lemma chain_terms_invariant:
  assumes "(c, \<beta>, \<mu>) \<in> set (chain_terms n js)"
  shows "c \<ge> 0 \<and> length \<mu> \<le> length js \<and>
    (c \<noteq> 0 \<longrightarrow> (\<forall>i. \<beta> i + count_list js i = count_list \<mu> i * n i))"
  using assms
proof (induction js arbitrary: c \<beta> \<mu>)
  case (Cons j js)
  then obtain c0 \<beta>0 \<mu>0 where t0: "(c0, \<beta>0, \<mu>0) \<in> set (chain_terms n js)"
    and "(c, \<beta>, \<mu>) \<in> set (chain_step n j (c0, \<beta>0, \<mu>0))"
    by auto
  then consider "c = c0 * real (\<beta>0 j)" "\<beta> = \<beta>0(j := \<beta>0 j - 1)" "\<mu> = \<mu>0"
    | "c = c0 * real (n j)" "\<beta> = \<beta>0(j := \<beta>0 j + n j - 1)" "\<mu> = j # \<mu>0"
    by (auto simp: chain_step_def)
  then show ?case
  proof cases
    case 1
    moreover have "\<beta> i + count_list (j # js) i = \<beta>0 i + count_list js i" if "\<beta>0 j \<noteq> 0" for i
      using 1 that by auto
    ultimately show ?thesis
      using Cons.IH[OF t0] by auto
  next
    case 2
    moreover have "\<beta> i + count_list (j # js) i = \<beta>0 i + count_list js i + (if i = j then n j else 0)"
      if "n j \<noteq> 0" for i
      using 2 that by auto
    ultimately show ?thesis
      using Cons.IH[OF t0] by (auto simp: algebra_simps)
  qed
qed simp

text \<open>mild_weight A C m is the weakly mild bound, without the factor B^(C+1), of an order m - 1
  derivative of some \<partial>_j f; for m = 0 truncated subtraction makes it 1, the bound for f itself.\<close>
definition mild_weight :: "real \<Rightarrow> real \<Rightarrow> nat \<Rightarrow> real" where
  "mild_weight A C m = A ^ (m - 1) * fact (m - 1) powr (C + 1)"

definition term_weight :: "real \<Rightarrow> real \<Rightarrow> 'n chain_term \<Rightarrow> real" where
  "term_weight A C = (\<lambda>(c, \<beta>, \<mu>). c * mild_weight A C (length \<mu>))"

lemma mild_weight_nonneg: "A \<ge> 0 \<Longrightarrow> mild_weight A C m \<ge> 0"
  unfolding mild_weight_def by simp

lemma mild_weight_Suc:
  assumes "m \<ge> 1"
  shows "mild_weight A C (Suc m) = A * real m powr (C + 1) * mild_weight A C m"
proof -
  have "(fact m :: real) = real m * fact (m - 1)"
    using assms fact_reduce[of m] by simp
  moreover have "A ^ m = A * A ^ (m - 1)"
    using assms by (simp flip: power_Suc)
  ultimately show ?thesis
    by (simp add: mild_weight_def powr_mult)
qed
(* Assume only that each finest set $I_{j_1,\dots,j_M}$ contains at least one observed index (the set $I_{\bm y_t}$ below), together with the uniformity conditions $J_m=J$, $r'_{j_1,\dots,j_m}=r'_m$. Let $B$ be an $n\times N'$ matrix with the MRA-lp block sparsity pattern, let $D$ be an $n\times n$ diagonal matrix with nonnegative diagonal entries and $D_{ii}=0$ for $i\notin I_{\bm y_t}$, let $\Lambda_{D}=\mathbf I_{N'}+B^\top DB$, let $L_D$ be its lower triangular Cholesky factor, and let $B_D=B(L_D^{-1})^\top$. Then: (a) for $p\ge q$, the $(M+1-p,M+1-q)$th block of $\Lambda_D$ (blocks induced by the column blocks $B^M,\dots,B^0$ of $B$) has size $J^pr'_p\times J^qr'_q$ and is block diagonal with $J^q$ diagonal blocks of size $J^{p-q}r'_p\times r'_q$, entries outside them being zero; (b) with $G=(V,E)$ the undirected graph on $v_1,\dots,v_{N'}$ whose adjacency matrix has 1 at every off-diagonal position inside one of the blocks described in (a) (and symmetric counterpart) and 0 elsewhere, if $1\le j<i\le N'$ and $(v_i,v_j)\notin E$ then $L_D[i,j]=L_D^{-1}[i,j]=0$; (c) $B_D$ has zero entries at every position outside the diagonal blocks $B_{j_1,\dots,j_m}$ ($m=0,\dots,M$) of the MRA-lp pattern; (d) the number of nonzero entries in each column of $L_D$ and of $L_D^{-1}$ is $\mathcal O(N)$, $N=\sum_{m=0}^M r'_m$.
   Context: Grid indices $I_0=\{1,\dots,n\}$; $M\ge 0$, $J\ge 2$; multi-indices $(j_1,\dots,j_m)$, $1\le j_i\le J$ (empty multi-index $0$ for $m=0$); nested index sets $I_{j_1,\dots,j_m}$ with $I_0$ at $m=0$ and $I_{j_1,\dots,j_m}$ the disjoint union of $I_{j_1,\dots,j_m,j_{m+1}}$, $j_{m+1}=1,\dots,J$; indices ordered so that lexicographically larger finest multi-indices $(j_1,\dots,j_M)$ have all their indices larger. Integers $r'_m\ge 1$; $N'=\sum_{m=0}^M J^m r'_m$. MRA-lp block sparsity pattern: $B=(B^M\;\cdots\;B^0)$, where $B^m$ is an $n$-row block diagonal matrix whose diagonal blocks $B_{j_1,\dots,j_m}$, of size $|I_{j_1,\dots,j_m}|\times r'_m$, occupy rows $I_{j_1,\dots,j_m}$, in lexicographic order of $(j_1,\dots,j_m)$, all other entries being zero (the MRA-lp output of a symmetric positive definite matrix has this form). $I_{\bm y_t}\subseteq I_0$ is the set of grid indices at which observations are available at time $t$. In the paper's non-Gaussian filter, $D$ is the diagonal matrix of negative second derivatives $-\frac{d^2}{dx_{ti}^2}\log g_{ti}(y_{ti}\mid x_{ti})$ at observed indices (assumed nonnegative), zero elsewhere. *)

theory Defs
  imports Complex_Main
begin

■ ■ ■ ■ ■

Exercise instructions: Repeat each of the entries exactly.

Answer to the exercise:
lemma chain_terms_invariant:
  assumes "(c, \<beta>, \<mu>) \<in> set (chain_terms n js)"
  shows "c \<ge> 0 \<and> length \<mu> \<le> length js \<and>
    (c \<noteq> 0 \<longrightarrow> (\<forall>i. \<beta> i + count_list js i = count_list \<mu> i * n i))"
  using assms
proof (induction js arbitrary: c \<beta> \<mu>)
  case (Cons j js)
  then obtain c0 \<beta>0 \<mu>0 where t0: "(c0, \<beta>0, \<mu>0) \<in> set (chain_terms n js)"
    and "(c, \<beta>, \<mu>) \<in> set (chain_step n j (c0, \<beta>0, \<mu>0))"
    by auto
  then consider "c = c0 * real (\<beta>0 j)" "\<beta> = \<beta>0(j := \<beta>0 j - 1)" "\<mu> = \<mu>0"
    | "c = c0 * real (n j)" "\<beta> = \<beta>0(j := \<beta>0 j + n j - 1)" "\<mu> = j # \<mu>0"
    by (auto simp: chain_step_def)
  then show ?case
  proof cases
    case 1
    moreover have "\<beta> i + count_list (j # js) i = \<beta>0 i + count_list js i" if "\<beta>0 j \<noteq> 0" for i
      using 1 that by auto
    ultimately show ?thesis
      using Cons.IH[OF t0] by auto
  next
    case 2
    moreover have "\<beta> i + count_list (j # js) i = \<beta>0 i + count_list js i + (if i = j then n j else 0)"
      if "n j \<noteq> 0" for i
      using 2 that by auto
    ultimately show ?thesis
      using Cons.IH[OF t0] by (auto simp: algebra_simps)
  qed
qed simp

text \<open>mild_weight A C m is the weakly mild bound, without the factor B^(C+1), of an order m - 1
  derivative of some \<partial>_j f; for m = 0 truncated subtraction makes it 1, the bound for f itself.\<close>
definition mild_weight :: "real \<Rightarrow> real \<Rightarrow> nat \<Rightarrow> real" where
  "mild_weight A C m = A ^ (m - 1) * fact (m - 1) powr (C + 1)"

definition term_weight :: "real \<Rightarrow> real \<Rightarrow> 'n chain_term \<Rightarrow> real" where
  "term_weight A C = (\<lambda>(c, \<beta>, \<mu>). c * mild_weight A C (length \<mu>))"

lemma mild_weight_nonneg: "A \<ge> 0 \<Longrightarrow> mild_weight A C m \<ge> 0"
  unfolding mild_weight_def by simp

lemma mild_weight_Suc:
  assumes "m \<ge> 1"
  shows "mild_weight A C (Suc m) = A * real m powr (C + 1) * mild_weight A C m"
proof -
  have "(fact m :: real) = real m * fact (m - 1)"
    using assms fact_reduce[of m] by simp
  moreover have "A ^ m = A * A ^ (m - 1)"
    using assms by (simp flip: power_Suc)
  ultimately show ?thesis
    by (simp add: mild_weight_def powr_mult)
qed
(* Assume only that each finest set $I_{j_1,\dots,j_M}$ contains at least one observed index (the set $I_{\bm y_t}$ below), together with the uniformity conditions $J_m=J$, $r'_{j_1,\dots,j_m}=r'_m$. Let $B$ be an $n\times N'$ matrix with the MRA-lp block sparsity pattern, let $D$ be an $n\times n$ diagonal matrix with nonnegative diagonal entries and $D_{ii}=0$ for $i\notin I_{\bm y_t}$, let $\Lambda_{D}=\mathbf I_{N'}+B^\top DB$, let $L_D$ be its lower triangular Cholesky factor, and let $B_D=B(L_D^{-1})^\top$. Then: (a) for $p\ge q$, the $(M+1-p,M+1-q)$th block of $\Lambda_D$ (blocks induced by the column blocks $B^M,\dots,B^0$ of $B$) has size $J^pr'_p\times J^qr'_q$ and is block diagonal with $J^q$ diagonal blocks of size $J^{p-q}r'_p\times r'_q$, entries outside them being zero; (b) with $G=(V,E)$ the undirected graph on $v_1,\dots,v_{N'}$ whose adjacency matrix has 1 at every off-diagonal position inside one of the blocks described in (a) (and symmetric counterpart) and 0 elsewhere, if $1\le j<i\le N'$ and $(v_i,v_j)\notin E$ then $L_D[i,j]=L_D^{-1}[i,j]=0$; (c) $B_D$ has zero entries at every position outside the diagonal blocks $B_{j_1,\dots,j_m}$ ($m=0,\dots,M$) of the MRA-lp pattern; (d) the number of nonzero entries in each column of $L_D$ and of $L_D^{-1}$ is $\mathcal O(N)$, $N=\sum_{m=0}^M r'_m$.
   Context: Grid indices $I_0=\{1,\dots,n\}$; $M\ge 0$, $J\ge 2$; multi-indices $(j_1,\dots,j_m)$, $1\le j_i\le J$ (empty multi-index $0$ for $m=0$); nested index sets $I_{j_1,\dots,j_m}$ with $I_0$ at $m=0$ and $I_{j_1,\dots,j_m}$ the disjoint union of $I_{j_1,\dots,j_m,j_{m+1}}$, $j_{m+1}=1,\dots,J$; indices ordered so that lexicographically larger finest multi-indices $(j_1,\dots,j_M)$ have all their indices larger. Integers $r'_m\ge 1$; $N'=\sum_{m=0}^M J^m r'_m$. MRA-lp block sparsity pattern: $B=(B^M\;\cdots\;B^0)$, where $B^m$ is an $n$-row block diagonal matrix whose diagonal blocks $B_{j_1,\dots,j_m}$, of size $|I_{j_1,\dots,j_m}|\times r'_m$, occupy rows $I_{j_1,\dots,j_m}$, in lexicographic order of $(j_1,\dots,j_m)$, all other entries being zero (the MRA-lp output of a symmetric positive definite matrix has this form). $I_{\bm y_t}\subseteq I_0$ is the set of grid indices at which observations are available at time $t$. In the paper's non-Gaussian filter, $D$ is the diagonal matrix of negative second derivatives $-\frac{d^2}{dx_{ti}^2}\log g_{ti}(y_{ti}\mid x_{ti})$ at observed indices (assumed nonnegative), zero elsewhere. *)

theory Defs
  imports Complex_Main
begin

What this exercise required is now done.